Here, in a spartan office with a staff of three, Vai Harris is picking over the bank statements of a Samoan couple. She's noticed a discrepancy in a finance company's interest charges and she's blown the whistle on the husband making contributions to his pitifully small KiwiSaver account - "it's no use putting money into KiwiSaver when the bills are overdue", she explains.
The couple have run up some nasty debts to the operators of trucks that cruise the streets of South Auckland offering goods on instant credit. The goods - and the money they'll lend you to buy them - are extortionately priced and if customers fall behind on the payments, penalty interest soon has them in a morass of debt.
"They really target Pacific Island people because they think it's okay," says Harris. "It's not okay."
The trackpants the wife paid $90 for cost $20 at a discount store and $2 at an op shop. "You have to live within your means," Harris tells her. "The trucks won't put a roof over your head when you can't pay your rent."
There are 900 clients on Harris' books. She set up shop to work with Pacific clients only, but need creates a multi-ethnic client base now and many of them have no choice but to use the door-to-door salesmen and their instant credit.
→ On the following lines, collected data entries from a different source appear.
lemma card_of_Times_ordLess_infinite:
  assumes C: "infinite C" and "|A| <o |C|" and "|B| <o |C|"
  shows "|A \<times> B| <o |C|"
proof -
  let ?S = "A <+> B"
  have "|A \<times> B| \<le>o |?S \<times> ?S|"
    by (rule card_of_ordLeqI[of "\<lambda>(a, b). (Inl a, Inr b)"]) (auto simp: inj_on_def)
  moreover have "|?S \<times> ?S| <o |C|"
  proof (cases "finite ?S")
    case True
    then have "finite (?S \<times> ?S)" by blast
    with C show ?thesis
      using finite_ordLess_infinite[OF card_of_Well_order card_of_Well_order]
      by (simp add: Field_card_of)
  next
    case False
    moreover have "|?S| <o |C|" using card_of_Plus_ordLess_infinite[OF C assms(2,3)] .
    ultimately show ?thesis using card_of_Times_same_infinite ordIso_ordLess_trans by blast
  qed
  ultimately show ?thesis using ordLeq_ordLess_trans by blast
qed

lemma inj_on_ex_only_preimage:
  assumes "inj_on g T" and "x\<^sub>0 \<in> T"
  shows "\<exists>x\<in>T. \<forall>x'\<in>T. g x' = y \<longrightarrow> x' = x"
  using assms unfolding inj_on_def by (cases "y \<in> g ` T") auto

lemma ex_transfinite_sequence:
  fixes r :: "'i rel" and K :: "'k set" and Good :: "'i \<Rightarrow> 'a set \<Rightarrow> ('k \<Rightarrow> 'a) \<Rightarrow> bool"
  assumes r: "Card_order r" "Field r = UNIV" "infinite (UNIV :: 'i set)"
    and K: "|K| <o r"
    and step: "\<And>\<alpha> S. |S| <o r \<Longrightarrow> \<exists>h. Good \<alpha> S h"
  shows "\<exists>H. \<forall>\<alpha>. Good \<alpha> (\<Union>\<beta>\<in>underS r \<alpha>. H \<beta> ` K) (H \<alpha>)"
proof -
  define F where "F rec \<alpha> = (SOME h. Good \<alpha> (\<Union>\<beta>\<in>underS r \<alpha>. rec \<beta> ` K) h)" for rec \<alpha>
  define H where "H = wfrec (r - Id) F"
  have wf: "wf (r - Id)"
    using r(1) wo_rel.WF unfolding wo_rel_def card_order_on_def by blast
  have r_UNIV: "r =o |UNIV :: 'i set|"
    using card_of_Field_ordIso[OF r(1)] r(2) ordIso_symmetric by simp
  have "Good \<alpha> (\<Union>\<beta>\<in>underS r \<alpha>. H \<beta> ` K) (H \<alpha>)" for \<alpha>
  proof -
    have "H \<alpha> = F (cut H (r - Id) \<alpha>) \<alpha>" unfolding H_def by (rule wfrec[OF wf])
    also have "\<dots> = F H \<alpha>"
      unfolding F_def by (intro arg_cong[where f = Eps] ext SUP_cong refl)
        (simp add: cut_apply underS_def)
    finally have H_eq: "H \<alpha> = (SOME h. Good \<alpha> (\<Union>\<beta>\<in>underS r \<alpha>. H \<beta> ` K) h)"
      unfolding F_def .
    have "(\<Union>\<beta>\<in>underS r \<alpha>. H \<beta> ` K) = (\<lambda>(\<beta>, \<xi>). H \<beta> \<xi>) ` (underS r \<alpha> \<times> K)"
      by auto
    then have "|\<Union>\<beta>\<in>underS r \<alpha>. H \<beta> ` K| \<le>o |underS r \<alpha> \<times> K|"
      by (metis card_of_image)
    also have "|underS r \<alpha> \<times> K| <o |UNIV :: 'i set|"
    proof (rule card_of_Times_ordLess_infinite[OF r(3)])
      show "|underS r \<alpha>| <o |UNIV :: 'i set|"
        using card_of_underS[OF r(1)] r(2) r_UNIV ordLess_ordIso_trans by blast
      show "|K| <o |UNIV :: 'i set|" using K r_UNIV ordLess_ordIso_trans by blast
    qed
    also have "|UNIV :: 'i set| =o r" using r_UNIV ordIso_symmetric by blast
    finally show ?thesis unfolding H_eq by (rule someI_ex[OF step])
  qed
  then show ?thesis by blast
qed

definition large_positive_sets :: "'a::topological_space set set \<Rightarrow> bool" where
  "large_positive_sets I \<longleftrightarrow> (\<forall>B \<in> sets borel. B \<notin> I \<longrightarrow>
     (\<forall>\<D>. \<D> \<subseteq> I \<and> ( |\<D>| <o |UNIV :: real set| ) \<longrightarrow> ( |B - \<Union>\<D>| =o |UNIV :: real set| )))"

lemma card_of_UNIV_if_large_positive_sets:
  fixes I :: "'a::topological_space set set"
  assumes "large_positive_sets I" and "UNIV \<notin> I"
  shows "|UNIV :: 'a set| =o |UNIV :: real set|"
proof -
  have "|{} :: 'a set set| <o |UNIV :: real set|"
    using card_of_ordLess[of "UNIV :: real set" "{} :: 'a set set"] by auto
  then have "|UNIV - \<Union>({} :: 'a set set)| =o |UNIV :: real set|"
    using assms(1)[unfolded large_positive_sets_def, rule_format, OF _ assms(2), of "{}"] by simp
  then show ?thesis by simp
qed

lemma ex_inj_into_positive_set_avoiding:
  fixes I :: "'a::topological_space set set" and K :: "'k set"
  assumes "large_positive_sets I" and "\<forall>x. {x} \<in> I"
    and "A \<in> sets borel" "A \<notin> I"
    and "|S| <o |UNIV :: real set|" and "|K| <o |UNIV :: real set|"
  shows "\<exists>h. inj_on h K \<and> h ` K \<subseteq> A - S"
proof -
  have "(\<lambda>x. {x}) ` S \<subseteq> I" using assms(2) by auto
  moreover have "|(\<lambda>x. {x}) ` S| <o |UNIV :: real set|"
    using card_of_image assms(5) ordLeq_ordLess_trans by blast
  ultimately have "|A - \<Union>((\<lambda>x. {x}) ` S)| =o |UNIV :: real set|"
    using assms(1)[unfolded large_positive_sets_def, rule_format, OF assms(3,4)] by blast
  then have "|A - S| =o |UNIV :: real set|" by simp
  then have "|K| \<le>o |A - S|"
    using assms(6) ordLess_ordIso_trans ordIso_symmetric ordLess_imp_ordLeq by blast
  then show ?thesis using card_of_ordLeq by blast
qed
(* Let $f:\mathbb{R}^m\to\mathbb{R}\cup\{+\infty\}$ be a proper lower semicontinuous convex function such that $\mathrm{bdry}(S_f)\subseteq f^{-1}(0)$. Consider the statements: (i) there exists $\tau\in(0,+\infty)$ such that $\inf\left\{\left|\min_{\|h\|=1}f'(\bar x,h)\right|:\bar x\in\mathrm{bdry}(S_f)\right\}>\tau$; (ii) there exist constants $c,\varepsilon\in(0,+\infty)$ such that for every proper lsc convex $g:\mathbb{R}^m\to\mathbb{R}\cup\{+\infty\}$ satisfying $S_f\subseteq S_g$ and $\mathrm{Lip}(f-g)<\varepsilon$, one has $\tau_{\min}(g)\le c$; (iii) there exist constants $c,\varepsilon\in(0,+\infty)$ such that for every proper lsc convex $g:\mathbb{R}^m\to\mathbb{R}\cup\{+\infty\}$ satisfying $\mathrm{bdry}(S_f)\cap g^{-1}(0)\neq\emptyset$ and $\mathrm{Lip}(f-g)<\varepsilon$, one has $\tau_{\min}(g)\le c$. Then (i) implies (ii), and (iii) implies (i).
   Context: $\mathbb{R}^m$ carries the Euclidean norm, $d(x,D)=\inf\{\|x-y\|:y\in D\}$, $\mathrm{bdry}(D)$ is the boundary of $D$. $f'(\bar x,h):=\lim_{t\to0^+}\frac{f(\bar x+th)-f(\bar x)}{t}$ is the directional derivative. For a proper lsc convex $g$, $S_g:=\{x: g(x)\le0\}$ and the global error bound modulus is $\tau_{\min}(g):=\inf\{\tau>0: d(x,S_g)\le\tau[g(x)]_+\ \forall x\in\mathbb{R}^m\}$, where $[t]_+=\max\{t,0\}$ and $\inf\emptyset=+\infty$. For a map $\phi$, $\mathrm{Lip}(\phi):=\sup_{u\neq v}\frac{|\phi(u)-\phi(v)|}{\|u-v\|}$. *)

theory Defs
  imports "HOL-Analysis.Analysis"
begin

definition proper_fun :: "('a \<Rightarrow> ereal) \<Rightarrow> bool" where
  "proper_fun f \<longleftrightarrow> (\<forall>x. f x \<noteq> -\<infinity>) \<and> (\<exists>x. f x \<noteq> \<infinity>)"

definition lsc_fun :: "('a::topological_space \<Rightarrow> ereal) \<Rightarrow> bool" where
  "lsc_fun f \<longleftrightarrow> (\<forall>x. f x \<le> Liminf (at x) f)"

definition convex_fun :: "('a::real_vector \<Rightarrow> ereal) \<Rightarrow> bool" where
  "convex_fun f \<longleftrightarrow> convex {(x, t::real). f x \<le> ereal t}"

definition plsc_convex :: "('a::euclidean_space \<Rightarrow> ereal) \<Rightarrow> bool" where
  "plsc_convex f \<longleftrightarrow> proper_fun f \<and> lsc_fun f \<and> convex_fun f"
"It's the only way they can survive, because after paying the rent - it's about $450 for a three-bedroom in Mangere - there's hardly any money left."
I've come to see Harris to gauge the possible impact of the low- and no-interest loan schemes announced by Social Development Minister Paula Bennett last week. The schemes, to be piloted in Manukau and Henderson, will provide "Step-Up" loans of up to $5000 at 6.99 per cent for up to three years and no-interest loans of up to $1000 over 18 months.
It's an appealing prospect when unscrupulous lenders' rates start at 30 per cent. The Government refuses to enforce limits - the argument seems to be that the maximum will become the default - though changes to consumer finance laws require greater disclosure and put the onus on lenders to be sure a loan will not cause financial hardship.
Perhaps predictably, Harris is sceptical about the new plan which, she tells me, patches up an edge of the problem and is, in any case, not new. Budgeting services have organised similar schemes through Kiwibank since 2011. What is more, the new scheme is only for people who are not already in debt - for example, to buy a car so they can get to a job.
In that sense, it is a different "product" - to use the finance-biz vocabulary - though it will do nothing for families already mired in debt to backstreet usurers.
Over at the Salvation Army's South Auckland Community Ministries office near Manukau City, they're still getting their heads around the detail of the new scheme, which they alone will administer. The programme is designed "to help those who are trying to get ahead", budget adviser Yvonne Challis tells me, "but most who arrive here are in terrible trouble".
"It's a good programme," service manager Ross Richards allows, "and we'll take it and run with it. We'll do anything we can for our people."
He's too polite to do more than smile when I wonder whether the timing of the announcement suggests that the poor make great campaign material. But back in Mangere, Vai Harris is not.
"The minimum wage is not good enough. If they lifted the wages up, I think people would be able to survive. But the poor are getting poorer and the rich are getting richer all the time.
"That's what I wanted to ask Paula Bennett at the announcement last week, but she said 'We're having a cup of tea now'."